A spinal joint is located within an inflexible, linear collection of joints. This distinction is made as a more complete implementation might consider allowing covers to span multiple connections. When considering our spinal column (and hence the term spinal joint), while many joints make up this region, it would be useful for the modeler to only have to specify a single cover, rather than one cover for every joint.

2.2 Covers

Covers are a more exhaustive representation of a 3-D model. While it is potentially possible to explore many different types of covers (from single polygonal representations to mathematical equations), this research has restricted itself to collections of polygons in space. The most important features about using covers are their relative simplicity, as compared to the entire 3-D object, and their reusability.

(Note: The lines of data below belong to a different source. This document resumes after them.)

(* Let $X$ be a nonnegative random variable with support $(0,r)$, where $r\in(0,+\infty)$, having finite CIGF $G_X(\alpha,\beta)$ for $(\alpha,\beta)\in D_X$. Assume the moment generating function $M_X(s)=\mathbb{E}(e^{sX})$ satisfies $M_X(s)<+\infty$ for all $s\in(-s_0,s_0)$, for some $s_0>0$. Then: (i) for all $s_1\in(-s_0,0)$, $s_2\in(0,s_0)$ and $(\alpha,\beta)\in D_X$ with $\alpha>0,\beta>0$, $$G_X(\alpha,\beta)\le g(r;\alpha,\beta,\mathbf{s})\,[M_X(s_1)]^\alpha[M_X(s_2)]^\beta;$$ (ii) for all $s_1\in(-s_0,0)$, $s_2\in(0,s_0)$ and $(\alpha,\beta)\in D_X$ with $\alpha<0,\beta<0$, $$G_X(\alpha,\beta)\ge g(r;\alpha,\beta,\mathbf{s})\,[M_X(s_1)]^\alpha[M_X(s_2)]^\beta,$$ where $g(r;\alpha,\beta,\mathbf{s})=\frac{1}{\alpha s_1+\beta s_2}\left[1-e^{-(\alpha s_1+\beta s_2)r}\right]$ if $\alpha s_1+\beta s_2\ne0$, and $g(r;\alpha,\beta,\mathbf{s})=r$ if $\alpha s_1+\beta s_2=0$.
   Context: For a random variable $X$ with CDF $F$ and survival function $\overline F=1-F$, let $l=\inf\{x:F(x)>0\}$, $r=\sup\{x:\overline F(x)>0\}$. The CIGF of $X$ is $G_X(\alpha,\beta)=\int_l^r [F(x)]^\alpha[\overline F(x)]^\beta\,dx$ on $D_X=\{(\alpha,\beta)\in\mathbb{R}^2: G_X(\alpha,\beta)<\infty\}$. *)

theory Defs
  imports "HOL-Probability.Probability"
begin

definition cdf_rv :: "'a measure \<Rightarrow> ('a \<Rightarrow> real) \<Rightarrow> real \<Rightarrow> real" where
  "cdf_rv M X x = measure M {\<omega> \<in> space M. X \<omega> \<le> x}"

definition surv_rv :: "'a measure \<Rightarrow> ('a \<Rightarrow> real) \<Rightarrow> real \<Rightarrow> real" where
  "surv_rv M X x = 1 - cdf_rv M X x"

definition left_end :: "'a measure \<Rightarrow> ('a \<Rightarrow> real) \<Rightarrow> real" where
  "left_end M X = Inf {x. cdf_rv M X x > 0}"

definition right_end :: "'a measure \<Rightarrow> ('a \<Rightarrow> real) \<Rightarrow> real" where
  "right_end M X = Sup {x. surv_rv M X x > 0}"

definition CIGF :: "'a measure \<Rightarrow> ('a \<Rightarrow> real) \<Rightarrow> real \<Rightarrow> real \<Rightarrow> real" where
  "CIGF M X a b = (LINT x:{left_end M X<..<right_end M X}|lborel.
      cdf_rv M X x powr a * surv_rv M X x powr b)"

text \<open>D_X: the set of (alpha,beta) for which the (nonnegative) integral is finite.\<close>
definition CIGF_domain :: "'a measure \<Rightarrow> ('a \<Rightarrow> real) \<Rightarrow> (real \<times> real) set" where
  "CIGF_domain M X = {(a, b). set_integrable lborel {left_end M X<..<right_end M X}
      (\<lambda>x. cdf_rv M X x powr a * surv_rv M X x powr b)}"

definition mgf :: "'a measure \<Rightarrow> ('a \<Rightarrow> real) \<Rightarrow> real \<Rightarrow> real" where
  "mgf M X s = (\<integral>\<omega>. exp (s * X \<omega>) \<partial>M)"

definition g_bound :: "real \<Rightarrow> real \<Rightarrow> real \<Rightarrow> real \<Rightarrow> real \<Rightarrow> real" where
  "g_bound r a b s1 s2 =
     (if a * s1 + b * s2 \<noteq> 0 then (1 - exp (- (a * s1 + b * s2) * r)) / (a * s1 + b * s2)
      else r)"

end

theory Submission
  imports Defs
begin

text \<open>By Markov's inequality for \<open>exp (s X)\<close> (Chernoff's bounds), \<open>F x \<le> M(s1) exp (- s1 x)\<close>
  for \<open>s1 < 0\<close> and \<open>1 - F x \<le> M(s2) exp (- s2 x)\<close> for \<open>s2 > 0\<close>. Raising these to the powers
  \<open>\<alpha>, \<beta> > 0\<close> and multiplying bounds the integrand of \<open>G\<^sub>X(\<alpha>, \<beta>)\<close> pointwise by
  \<open>M(s1)\<^sup>\<alpha> M(s2)\<^sup>\<beta> exp (- (\<alpha> s1 + \<beta> s2) x)\<close>, whose integral over \<open>(0, r)\<close> is
  \<open>g(r; \<alpha>, \<beta>, s) M(s1)\<^sup>\<alpha> M(s2)\<^sup>\<beta>\<close>. Negative exponents reverse every pointwise inequality,
  provided \<open>F\<close> and \<open>1 - F\<close> are positive on \<open>(0, r)\<close>, which is where the support assumption
  enters.\<close>

lemma set_integrable_exp_Ioo:
  fixes c r :: real
  shows "set_integrable lborel {0<..<r} (\<lambda>x. exp (- c * x))"
proof -
  have "set_integrable lborel {0..r} (\<lambda>x. exp (- c * x))"
    by (intro borel_integrable_atLeastAtMost' continuous_intros)
  then show ?thesis
    by (rule set_integrable_subset) auto
qed

lemma set_integral_exp_Ioo:
  fixes c r :: real
  assumes "0 < r"
  shows "(LINT x:{0<..<r}|lborel. exp (- c * x)) = (if c \<noteq> 0 then (1 - exp (- c * r)) / c else r)"
proof (cases "c = 0")
  case True
  then show ?thesis
    using assms by (simp add: set_lebesgue_integral_def)
next
  case False
  have "(LINT x:{0<..<r}|lborel. exp (- c * x)) = (LBINT x=ereal 0..ereal r. exp (- c * x))"
    using assms by (subst interval_integral_Ioo) auto
  also have "\<dots> = - exp (- c * r) / c - - exp (- c * 0) / c"
    using assms False
    by (intro interval_integral_FTC_finite continuous_intros)
       (auto intro!: derivative_eq_intros
             simp: has_real_derivative_iff_has_vector_derivative[symmetric])
  finally show ?thesis
    using False by (simp add: diff_divide_distrib)
qed

lemma set_integral_exp_Ioo_eq_g_bound:
  assumes "0 < r"
  shows "(LINT x:{0<..<r}|lborel. exp (- (a * s1 + b * s2) * x) * C) = g_bound r a b s1 s2 * C"
  unfolding set_integral_mult_left set_integral_exp_Ioo[OF assms] g_bound_def by simp

lemma powr_le_exp_bound:
  fixes u m :: real
  assumes "0 \<le> u" "u \<le> m * exp (- s * x)" "0 < m" "0 \<le> a"
  shows "u powr a \<le> m powr a * exp (- (a * s) * x)"
proof -
  have "u powr a \<le> (m * exp (- s * x)) powr a"
    using assms by (intro powr_mono2) auto
  also have "\<dots> = m powr a * exp (- (a * s) * x)"
    using assms(3) by (simp add: powr_mult exp_powr_real mult_ac)
  finally show ?thesis .
qed

lemma exp_bound_le_powr_nonpos:
  fixes u m :: real
  assumes "0 < u" "u \<le> m * exp (- s * x)" "0 < m" "a \<le> 0"
  shows "m powr a * exp (- (a * s) * x) \<le> u powr a"
proof -
  have "m powr a * exp (- (a * s) * x) = (m * exp (- s * x)) powr a"
    using assms(3) by (simp add: powr_mult exp_powr_real mult_ac)
  also have "\<dots> \<le> u powr a"
    using assms by (intro powr_mono2') auto
  finally show ?thesis .
qed

lemma exp_linear_combination_split:
  fixes a b s1 s2 x m1 m2 :: real
  shows "exp (- (a * s1 + b * s2) * x) * (m1 * m2) =
    (m1 * exp (- (a * s1) * x)) * (m2 * exp (- (b * s2) * x))"
proof -
  have "- (a * s1 + b * s2) * x = - (a * s1) * x + - (b * s2) * x"
    by algebra
  then show ?thesis
    by (simp only: exp_add mult_ac)
qed

context prob_space
begin

lemma cdf_rv_eq_cdf_distr:
  assumes [measurable]: "X \<in> borel_measurable M"
  shows "cdf_rv M X x = cdf (distr M borel X) x"
proof -
  have "cdf (distr M borel X) x = measure M (X -` {..x} \<inter> space M)"
    unfolding cdf_def by (subst measure_distr) auto
  also have "X -` {..x} \<inter> space M = {\<omega> \<in> space M. X \<omega> \<le> x}"
    by auto
  finally show ?thesis
    unfolding cdf_rv_def by simp
qed

lemma surv_rv_eq_prob_greater:
  assumes [measurable]: "X \<in> borel_measurable M"
  shows "surv_rv M X x = prob {\<omega> \<in> space M. x < X \<omega>}"
proof -
  have "{\<omega> \<in> space M. x < X \<omega>} = space M - {\<omega> \<in> space M. X \<omega> \<le> x}"
    by auto
  then show ?thesis
    unfolding surv_rv_def cdf_rv_def by (simp add: prob_compl)
qed

lemma cdf_rv_nonneg: "0 \<le> cdf_rv M X x"
  unfolding cdf_rv_def by simp

lemma surv_rv_nonneg: "0 \<le> surv_rv M X x"
  unfolding surv_rv_def cdf_rv_def by simp

lemma cdf_rv_eq_0_below:
  assumes "AE \<omega> in M. c \<le> X \<omega>" and "y < c"
  shows "cdf_rv M X y = 0"
proof -
  have "AE \<omega> in M. \<not> X \<omega> \<le> y"
    using assms(1) by eventually_elim (use assms(2) in auto)
  then have "emeasure M {\<omega> \<in> space M. X \<omega> \<le> y} = 0"
    by (rule emeasure_eq_0_AE)
  then show ?thesis
    unfolding cdf_rv_def by (simp add: measure_def)
qed

lemma cdf_rv_pos_above_left_end:
  assumes [measurable]: "X \<in> borel_measurable M"
    and "AE \<omega> in M. c \<le> X \<omega>" and "left_end M X < x"
  shows "0 < cdf_rv M X x"
proof -
  interpret D: real_distribution "distr M borel X"
    by simp
  let ?A = "{y. 0 < cdf_rv M X y}"
  have "eventually (\<lambda>y. 0 < cdf_rv M X y) at_top"
    using D.cdf_lim_at_top_prob unfolding cdf_rv_eq_cdf_distr[OF assms(1), abs_def]
    by (rule order_tendstoD) simp
  then have nonempty: "?A \<noteq> {}"
    by (auto simp: eventually_at_top_linorder)
  have bdd: "bdd_below ?A"
  proof (rule bdd_belowI)
    fix y
    assume "y \<in> ?A"
    then show "c \<le> y"
      using cdf_rv_eq_0_below[OF assms(2), of y] by (cases "y < c") auto
  qed
  obtain y where "0 < cdf_rv M X y" "y < x"
    using assms(3) cInf_less_iff[OF nonempty bdd] unfolding left_end_def by blast
  then show ?thesis
    using D.cdf_nondecreasing[of y x] by (simp add: cdf_rv_eq_cdf_distr)
qed

lemma surv_rv_pos_below_right_end:
  assumes [measurable]: "X \<in> borel_measurable M"
    and "x < right_end M X"
  shows "0 < surv_rv M X x"
proof -
  interpret D: real_distribution "distr M borel X"
    by simp
  let ?T = "{y. 0 < surv_rv M X y}"
  have "\<exists>y\<in>?T. x < y"
  proof (cases "bdd_above ?T")
    case True
    have "eventually (\<lambda>y. cdf_rv M X y < 1) at_bot"
      using D.cdf_lim_at_bot unfolding cdf_rv_eq_cdf_distr[OF assms(1), abs_def]
      by (rule order_tendstoD) simp
    then have "?T \<noteq> {}"
      by (auto simp: eventually_at_bot_linorder surv_rv_def)
    then show ?thesis
      using assms(2) less_cSup_iff[OF _ True] unfolding right_end_def by blast
  next
    case False
    then show ?thesis
      unfolding bdd_above_def by (meson not_le)
  qed
  then obtain y where "0 < surv_rv M X y" "x < y"
    by auto
  then show ?thesis
    using D.cdf_nondecreasing[of x y] by (simp add: surv_rv_def cdf_rv_eq_cdf_distr)
qed

lemma mgf_pos:
  assumes "integrable M (\<lambda>\<omega>. exp (s * X \<omega>))"
  shows "0 < mgf M X s"
proof -
  have "0 \<le> mgf M X s"
    unfolding mgf_def by simp
  moreover have "mgf M X s \<noteq> 0"
    unfolding mgf_def using integral_nonneg_eq_0_iff_AE[OF assms] AE_False prob_space by simp
  ultimately show ?thesis
    by simp
qed

lemma cdf_rv_le_mgf:
  assumes [measurable]: "X \<in> borel_measurable M"
    and "integrable M (\<lambda>\<omega>. exp (s * X \<omega>))" and "s < 0"
  shows "cdf_rv M X x \<le> mgf M X s * exp (- s * x)"
proof -
  have "{\<omega> \<in> space M. X \<omega> \<le> x} = {\<omega> \<in> space M. exp (s * x) \<le> exp (s * X \<omega>)}"
    using assms(3) by (auto simp: mult_le_cancel_left_neg)
  then have "cdf_rv M X x = prob {\<omega> \<in> space M. exp (s * x) \<le> exp (s * X \<omega>)}"
    unfolding cdf_rv_def by simp
  also have "\<dots> \<le> mgf M X s / exp (s * x)"
    unfolding mgf_def by (rule integral_Markov_inequality_measure[OF assms(2)]) auto
  finally show ?thesis
    by (simp add: exp_minus field_simps)
qed

lemma surv_rv_le_mgf:
  assumes [measurable]: "X \<in> borel_measurable M"
    and "integrable M (\<lambda>\<omega>. exp (s * X \<omega>))" and "0 \<le> s"
  shows "surv_rv M X x \<le> mgf M X s * exp (- s * x)"
proof -
  have "surv_rv M X x \<le> prob {\<omega> \<in> space M. exp (s * x) \<le> exp (s * X \<omega>)}"
    unfolding surv_rv_eq_prob_greater[OF assms(1)]
    using assms(3) by (intro finite_measure_mono) (auto intro!: mult_left_mono)
  also have "\<dots> \<le> mgf M X s / exp (s * x)"
    unfolding mgf_def by (rule integral_Markov_inequality_measure[OF assms(2)]) auto
  finally show ?thesis
    by (simp add: exp_minus field_simps)
qed

lemma CIGF_le_g_bound_mgf:
  assumes [measurable]: "X \<in> borel_measurable M"
    and ends: "left_end M X = 0" "right_end M X = r" and "0 < r"
    and "s1 < 0" "0 \<le> s2"
    and mgf_finite: "integrable M (\<lambda>\<omega>. exp (s1 * X \<omega>))"
      "integrable M (\<lambda>\<omega>. exp (s2 * X \<omega>))"
    and domain: "(a, b) \<in> CIGF_domain M X" and "0 \<le> a" "0 \<le> b"
  shows "CIGF M X a b \<le> g_bound r a b s1 s2 * mgf M X s1 powr a * mgf M X s2 powr b"
proof -
  let ?m1 = "mgf M X s1" and ?m2 = "mgf M X s2"
  have "0 < ?m1" "0 < ?m2"
    using mgf_finite by (auto intro: mgf_pos)
  have bound: "cdf_rv M X x powr a * surv_rv M X x powr b
      \<le> exp (- (a * s1 + b * s2) * x) * (?m1 powr a * ?m2 powr b)" for x
    unfolding exp_linear_combination_split using \<open>0 < ?m1\<close> \<open>0 < ?m2\<close> assms
    by (intro mult_mono powr_le_exp_bound cdf_rv_le_mgf surv_rv_le_mgf
        cdf_rv_nonneg surv_rv_nonneg) auto
  have "CIGF M X a b
      \<le> (LINT x:{0<..<r}|lborel. exp (- (a * s1 + b * s2) * x) * (?m1 powr a * ?m2 powr b))"
    using domain bound unfolding CIGF_def CIGF_domain_def ends
    by (intro set_integral_mono set_integrable_mult_left set_integrable_exp_Ioo) auto
  then show ?thesis
    unfolding set_integral_exp_Ioo_eq_g_bound[OF \<open>0 < r\<close>] by (simp add: mult_ac)
qed

lemma CIGF_ge_g_bound_mgf:
  assumes [measurable]: "X \<in> borel_measurable M" and "AE \<omega> in M. 0 \<le> X \<omega>"
    and ends: "left_end M X = 0" "right_end M X = r" and "0 < r"
    and "s1 < 0" "0 \<le> s2"
    and mgf_finite: "integrable M (\<lambda>\<omega>. exp (s1 * X \<omega>))"
      "integrable M (\<lambda>\<omega>. exp (s2 * X \<omega>))"
    and domain: "(a, b) \<in> CIGF_domain M X" and "a \<le> 0" "b \<le> 0"
  shows "g_bound r a b s1 s2 * mgf M X s1 powr a * mgf M X s2 powr b \<le> CIGF M X a b"
proof -
  let ?m1 = "mgf M X s1" and ?m2 = "mgf M X s2"
  have "0 < ?m1" "0 < ?m2"
    using mgf_finite by (auto intro: mgf_pos)
  have bound: "exp (- (a * s1 + b * s2) * x) * (?m1 powr a * ?m2 powr b)
      \<le> cdf_rv M X x powr a * surv_rv M X x powr b" if "x \<in> {0<..<r}" for x
    unfolding exp_linear_combination_split using \<open>0 < ?m1\<close> \<open>0 < ?m2\<close> that assms
    by (intro mult_mono exp_bound_le_powr_nonpos cdf_rv_le_mgf surv_rv_le_mgf
        cdf_rv_pos_above_left_end surv_rv_pos_below_right_end) auto
  have "(LINT x:{0<..<r}|lborel. exp (- (a * s1 + b * s2) * x) * (?m1 powr a * ?m2 powr b))
      \<le> CIGF M X a b"
    using domain bound unfolding CIGF_def CIGF_domain_def ends
    by (intro set_integral_mono set_integrable_mult_left set_integrable_exp_Ioo) auto
  then show ?thesis
    unfolding set_integral_exp_Ioo_eq_g_bound[OF \<open>0 < r\<close>] by (simp add: mult_ac)
qed

end

theorem proposition4:
  fixes M :: "'a measure" and X :: "'a \<Rightarrow> real" and r s0 :: real
  assumes "prob_space M"
    and "X \<in> borel_measurable M"
    and "AE \<omega> in M. X \<omega> \<ge> 0"
    and "left_end M X = 0" and "right_end M X = r"
    and "0 < r"
    and "0 < s0"
    and "\<And>s. s \<in> {-s0<..<s0} \<Longrightarrow> integrable M (\<lambda>\<omega>. exp (s * X \<omega>))"
  shows "(\<forall>s1 s2 a b. s1 \<in> {-s0<..<0} \<and> s2 \<in> {0<..<s0} \<and> (a, b) \<in> CIGF_domain M X
            \<and> a > 0 \<and> b > 0 \<longrightarrow>
            CIGF M X a b \<le> g_bound r a b s1 s2 * mgf M X s1 powr a * mgf M X s2 powr b)
       \<and> (\<forall>s1 s2 a b. s1 \<in> {-s0<..<0} \<and> s2 \<in> {0<..<s0} \<and> (a, b) \<in> CIGF_domain M X
            \<and> a < 0 \<and> b < 0 \<longrightarrow>
            CIGF M X a b \<ge> g_bound r a b s1 s2 * mgf M X s1 powr a * mgf M X s2 powr b)"
proof -
  interpret prob_space M
    by fact
  have mgf_finite: "integrable M (\<lambda>\<omega>. exp (s * X \<omega>))" if "s \<in> {-s0<..<0} \<union> {0<..<s0}" for s
    using assms(8) that by auto
  show ?thesis
    using assms(2-6) mgf_finite
    by (auto intro!: CIGF_le_g_bound_mgf CIGF_ge_g_bound_mgf)
qed

end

2.2.1 Fitting Covers into the Skeletal Model

A major decision had to be made as to what exactly covers should surround – the joints themselves, or the connections. This decision resulted from the most prominent problem that arose during the research: how will the modeling program connect adjoining covers together? For simpler joints such as flexible and end joints, covers could potentially surround either the joints or the connections. However, the more complicated central joint would have trouble understanding how its children should connect to itself if the covers surrounded the joints.

For example, consider the figure to the right. The open-ended cube represents the cover for the parent joint. If the two children joints are to have similar covers surrounding them, a decision must be made as to where the three covers should join. It is conceivable that the bottom lines can be divided amongst the two covers, as illustrated by the red arrows. However, this is somewhat confusing, and relies on the fact that the parent’s cover must be precisely specified. As will be seen, a more dynamic and intuitive approach is to surround the connections with the covers.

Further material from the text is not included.